┌──

lemma u_Suc: "u q x (Suc n) k s r = x * (1 + q ^ Suc n * r) * u q x n k s r
   + (if 0 < k \<and> 0 < n then q ^ n * s * u q x (n - 1) (k - 1) s r else 0)"
proof -
  let ?snoc = "\<lambda>t T. (\<lambda>ts. ts @ [t]) ` T"
  let ?D = "{ts \<in> tilings (n - 1) (k - 1). 0 < k \<and> 0 < n}"
  have len: "\<And>ts. ts \<in> tilings m j \<Longrightarrow> tiling_len ts = m" for m j by (simp add: tilings_def)
  have fin: "finite (?snoc t (tilings n k))" "finite (?snoc Domino ?D)" for t
    using finite_tilings by auto
  have disj: "?snoc White (tilings n k) \<inter> ?snoc Black (tilings n k) = {}"
    "(?snoc White (tilings n k) \<union> ?snoc Black (tilings n k)) \<inter> ?snoc Domino ?D = {}"
    by auto
  have domino: "(\<Sum>ts \<in> ?snoc Domino ?D. wr q r s x ts)
      = (if 0 < k \<and> 0 < n then q ^ n * s * u q x (n - 1) (k - 1) s r else 0)"
  proof (cases "0 < k \<and> 0 < n")
    case True
    then have "?D = tilings (n - 1) (k - 1)" by auto
    with True show ?thesis by (simp add: sum_wr_snoc[OF len] u_def)
  qed auto
  have "u q x (Suc n) k s r = (\<Sum>ts \<in> ?snoc White (tilings n k). wr q r s x ts)
      + (\<Sum>ts \<in> ?snoc Black (tilings n k). wr q r s x ts) + (\<Sum>ts \<in> ?snoc Domino ?D. wr q r s x ts)"
    unfolding u_def tilings_Suc
      sum.union_disjoint[OF finite_UnI[OF fin(1) fin(1)] fin(2) disj(2)]
      sum.union_disjoint[OF fin(1) fin(1) disj(1)] ..
  also have "\<dots> = x * u q x n k s r + q ^ Suc n * r * x * u q x n k s r
      + (if 0 < k \<and> 0 < n then q ^ n * s * u q x (n - 1) (k - 1) s r else 0)"
    unfolding domino by (simp add: sum_wr_snoc[OF len] u_def)
  finally show ?thesis by (simp add: algebra_simps)
qed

└──

*WORK REQUEST:*
Say how many lines of the listing above include the word "unfolding", and give no other text.

*ANSWER SPACE:*
2